What lines of the data hold the string "assms"? Pull each one out.

**DATASET CONTENT**
..............................
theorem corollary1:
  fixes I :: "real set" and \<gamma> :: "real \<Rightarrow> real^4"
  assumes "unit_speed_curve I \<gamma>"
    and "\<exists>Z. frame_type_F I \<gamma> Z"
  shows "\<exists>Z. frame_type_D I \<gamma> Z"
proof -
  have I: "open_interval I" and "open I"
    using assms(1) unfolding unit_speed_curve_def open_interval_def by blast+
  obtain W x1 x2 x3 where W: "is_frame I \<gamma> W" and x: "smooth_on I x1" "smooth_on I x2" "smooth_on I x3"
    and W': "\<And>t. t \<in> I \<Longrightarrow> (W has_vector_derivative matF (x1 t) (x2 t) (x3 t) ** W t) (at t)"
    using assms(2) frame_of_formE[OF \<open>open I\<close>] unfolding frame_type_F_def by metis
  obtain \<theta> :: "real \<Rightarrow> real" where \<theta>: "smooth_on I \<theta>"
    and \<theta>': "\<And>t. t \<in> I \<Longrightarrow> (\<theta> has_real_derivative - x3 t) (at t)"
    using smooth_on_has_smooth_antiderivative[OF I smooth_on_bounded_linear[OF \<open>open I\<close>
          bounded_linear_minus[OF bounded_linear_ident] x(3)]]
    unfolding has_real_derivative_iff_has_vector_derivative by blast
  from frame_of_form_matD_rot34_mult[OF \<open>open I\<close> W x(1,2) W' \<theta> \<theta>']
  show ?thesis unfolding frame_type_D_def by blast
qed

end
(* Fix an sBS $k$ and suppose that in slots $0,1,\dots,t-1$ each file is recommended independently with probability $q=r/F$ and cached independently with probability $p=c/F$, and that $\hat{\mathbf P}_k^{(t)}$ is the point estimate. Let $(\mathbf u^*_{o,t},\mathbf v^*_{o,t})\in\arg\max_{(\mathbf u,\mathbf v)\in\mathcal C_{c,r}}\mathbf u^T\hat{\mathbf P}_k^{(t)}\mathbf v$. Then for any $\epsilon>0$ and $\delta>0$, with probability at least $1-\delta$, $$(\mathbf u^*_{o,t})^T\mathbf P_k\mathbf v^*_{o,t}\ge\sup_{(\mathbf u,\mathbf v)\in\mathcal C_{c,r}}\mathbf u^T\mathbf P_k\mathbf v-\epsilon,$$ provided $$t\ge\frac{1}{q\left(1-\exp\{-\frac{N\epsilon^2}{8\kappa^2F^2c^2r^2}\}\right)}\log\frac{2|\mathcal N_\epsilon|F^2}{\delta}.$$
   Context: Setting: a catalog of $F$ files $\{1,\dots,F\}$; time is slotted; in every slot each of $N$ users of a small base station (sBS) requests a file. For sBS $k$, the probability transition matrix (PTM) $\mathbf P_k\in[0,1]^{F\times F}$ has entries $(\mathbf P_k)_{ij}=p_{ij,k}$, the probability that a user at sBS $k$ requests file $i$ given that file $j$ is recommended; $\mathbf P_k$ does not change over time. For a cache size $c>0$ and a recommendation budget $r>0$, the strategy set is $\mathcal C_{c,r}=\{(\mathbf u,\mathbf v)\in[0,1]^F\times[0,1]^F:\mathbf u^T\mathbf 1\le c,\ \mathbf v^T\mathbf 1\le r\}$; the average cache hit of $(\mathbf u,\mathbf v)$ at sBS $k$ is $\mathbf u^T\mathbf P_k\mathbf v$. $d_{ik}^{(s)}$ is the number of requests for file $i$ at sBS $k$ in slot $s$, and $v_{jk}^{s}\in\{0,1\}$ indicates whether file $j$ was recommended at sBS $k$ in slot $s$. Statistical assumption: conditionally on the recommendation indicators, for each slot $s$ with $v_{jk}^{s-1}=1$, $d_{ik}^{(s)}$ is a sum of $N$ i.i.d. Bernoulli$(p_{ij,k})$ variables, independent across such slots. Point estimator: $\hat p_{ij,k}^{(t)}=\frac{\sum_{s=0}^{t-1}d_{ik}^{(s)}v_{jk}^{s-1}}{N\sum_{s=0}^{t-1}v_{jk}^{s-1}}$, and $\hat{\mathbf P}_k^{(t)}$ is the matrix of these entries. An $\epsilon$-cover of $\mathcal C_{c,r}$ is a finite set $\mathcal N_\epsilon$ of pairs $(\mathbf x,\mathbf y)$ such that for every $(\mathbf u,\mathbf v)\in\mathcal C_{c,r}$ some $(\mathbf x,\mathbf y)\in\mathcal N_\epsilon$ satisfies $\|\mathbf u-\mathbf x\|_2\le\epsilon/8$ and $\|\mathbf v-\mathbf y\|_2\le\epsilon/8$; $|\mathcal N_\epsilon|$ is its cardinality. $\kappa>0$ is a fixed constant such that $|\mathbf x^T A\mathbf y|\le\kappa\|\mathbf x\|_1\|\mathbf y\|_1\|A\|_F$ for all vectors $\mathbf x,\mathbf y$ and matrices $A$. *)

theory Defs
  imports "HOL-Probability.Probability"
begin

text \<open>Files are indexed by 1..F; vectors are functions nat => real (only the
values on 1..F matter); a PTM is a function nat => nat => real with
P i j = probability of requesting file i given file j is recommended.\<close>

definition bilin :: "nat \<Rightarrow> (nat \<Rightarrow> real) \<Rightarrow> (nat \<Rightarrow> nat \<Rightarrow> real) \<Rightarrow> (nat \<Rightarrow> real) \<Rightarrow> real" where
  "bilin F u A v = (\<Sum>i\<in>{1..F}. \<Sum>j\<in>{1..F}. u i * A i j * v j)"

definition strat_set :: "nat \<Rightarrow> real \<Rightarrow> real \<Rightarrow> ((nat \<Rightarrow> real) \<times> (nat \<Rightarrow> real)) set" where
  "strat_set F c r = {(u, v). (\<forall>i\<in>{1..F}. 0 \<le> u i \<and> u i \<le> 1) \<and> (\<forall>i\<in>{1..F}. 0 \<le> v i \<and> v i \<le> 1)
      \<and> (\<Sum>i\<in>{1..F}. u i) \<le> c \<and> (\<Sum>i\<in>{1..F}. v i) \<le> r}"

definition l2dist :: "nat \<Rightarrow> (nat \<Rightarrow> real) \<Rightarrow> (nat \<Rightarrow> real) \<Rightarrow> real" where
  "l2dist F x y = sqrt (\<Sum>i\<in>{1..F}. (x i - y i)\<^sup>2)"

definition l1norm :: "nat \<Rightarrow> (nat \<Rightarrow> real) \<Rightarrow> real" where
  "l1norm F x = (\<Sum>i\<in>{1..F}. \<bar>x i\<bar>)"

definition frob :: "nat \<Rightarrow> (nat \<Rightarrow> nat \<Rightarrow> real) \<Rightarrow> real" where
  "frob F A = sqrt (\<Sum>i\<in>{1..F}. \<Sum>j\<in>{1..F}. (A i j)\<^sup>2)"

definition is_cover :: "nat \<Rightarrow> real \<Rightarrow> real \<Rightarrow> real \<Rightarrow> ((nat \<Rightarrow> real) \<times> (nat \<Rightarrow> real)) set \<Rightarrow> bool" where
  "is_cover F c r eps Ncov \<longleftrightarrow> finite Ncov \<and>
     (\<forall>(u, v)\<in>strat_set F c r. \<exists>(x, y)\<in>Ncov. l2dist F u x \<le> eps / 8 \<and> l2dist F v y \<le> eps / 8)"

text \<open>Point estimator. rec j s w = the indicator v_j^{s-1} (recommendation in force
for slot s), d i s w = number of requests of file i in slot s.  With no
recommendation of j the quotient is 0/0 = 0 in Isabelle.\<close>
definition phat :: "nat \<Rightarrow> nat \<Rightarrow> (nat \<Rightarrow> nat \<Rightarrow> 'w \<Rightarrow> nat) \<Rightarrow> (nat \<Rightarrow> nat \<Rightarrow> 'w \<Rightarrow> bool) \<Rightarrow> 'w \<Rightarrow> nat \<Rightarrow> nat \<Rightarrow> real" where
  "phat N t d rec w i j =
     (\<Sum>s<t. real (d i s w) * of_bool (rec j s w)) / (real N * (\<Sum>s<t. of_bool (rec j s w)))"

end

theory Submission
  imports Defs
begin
..............................
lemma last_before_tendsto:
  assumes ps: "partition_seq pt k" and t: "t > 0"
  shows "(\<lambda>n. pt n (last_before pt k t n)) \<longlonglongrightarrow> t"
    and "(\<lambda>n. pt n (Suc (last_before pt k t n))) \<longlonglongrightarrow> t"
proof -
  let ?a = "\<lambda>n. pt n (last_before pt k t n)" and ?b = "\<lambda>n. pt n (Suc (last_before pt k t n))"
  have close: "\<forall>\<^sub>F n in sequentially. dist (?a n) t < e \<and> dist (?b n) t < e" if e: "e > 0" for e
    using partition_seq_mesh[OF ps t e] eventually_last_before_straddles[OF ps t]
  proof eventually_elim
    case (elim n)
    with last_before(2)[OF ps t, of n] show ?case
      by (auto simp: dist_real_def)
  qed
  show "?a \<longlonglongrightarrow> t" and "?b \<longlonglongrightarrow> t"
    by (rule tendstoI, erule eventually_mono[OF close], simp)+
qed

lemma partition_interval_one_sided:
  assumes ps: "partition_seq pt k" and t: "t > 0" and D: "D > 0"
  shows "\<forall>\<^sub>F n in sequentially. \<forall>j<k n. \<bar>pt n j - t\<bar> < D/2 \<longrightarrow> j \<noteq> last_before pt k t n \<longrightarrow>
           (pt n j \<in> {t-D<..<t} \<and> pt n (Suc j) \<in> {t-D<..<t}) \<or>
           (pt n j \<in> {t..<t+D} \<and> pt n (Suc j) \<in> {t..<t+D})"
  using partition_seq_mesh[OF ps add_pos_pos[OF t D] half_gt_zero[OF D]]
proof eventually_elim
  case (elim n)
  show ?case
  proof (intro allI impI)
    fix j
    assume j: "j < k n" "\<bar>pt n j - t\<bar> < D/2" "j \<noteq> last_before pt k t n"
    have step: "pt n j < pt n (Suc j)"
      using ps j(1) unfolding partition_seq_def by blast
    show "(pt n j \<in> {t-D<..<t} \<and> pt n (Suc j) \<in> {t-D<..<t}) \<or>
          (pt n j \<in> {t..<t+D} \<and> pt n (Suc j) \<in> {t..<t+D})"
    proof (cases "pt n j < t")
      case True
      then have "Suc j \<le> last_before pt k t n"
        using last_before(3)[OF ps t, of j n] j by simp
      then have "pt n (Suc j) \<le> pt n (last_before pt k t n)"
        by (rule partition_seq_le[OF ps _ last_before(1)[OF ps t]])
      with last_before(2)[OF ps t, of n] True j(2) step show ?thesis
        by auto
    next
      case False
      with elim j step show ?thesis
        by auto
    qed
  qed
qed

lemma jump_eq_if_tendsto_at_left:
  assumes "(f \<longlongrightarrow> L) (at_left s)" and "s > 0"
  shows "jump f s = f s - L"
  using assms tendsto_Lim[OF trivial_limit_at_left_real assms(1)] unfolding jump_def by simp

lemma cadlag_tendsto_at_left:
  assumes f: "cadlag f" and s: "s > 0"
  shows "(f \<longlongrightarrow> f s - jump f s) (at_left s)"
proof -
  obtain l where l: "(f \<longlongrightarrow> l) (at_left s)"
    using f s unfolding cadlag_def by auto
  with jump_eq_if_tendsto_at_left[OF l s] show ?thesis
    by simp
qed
..............................
**OUTPUT**
    using assms(1) unfolding unit_speed_curve_def open_interval_def by blast+
    using assms(2) frame_of_formE[OF \<open>open I\<close>] unfolding frame_type_F_def by metis
  using assms tendsto_Lim[OF trivial_limit_at_left_real assms(1)] unfolding jump_def by simp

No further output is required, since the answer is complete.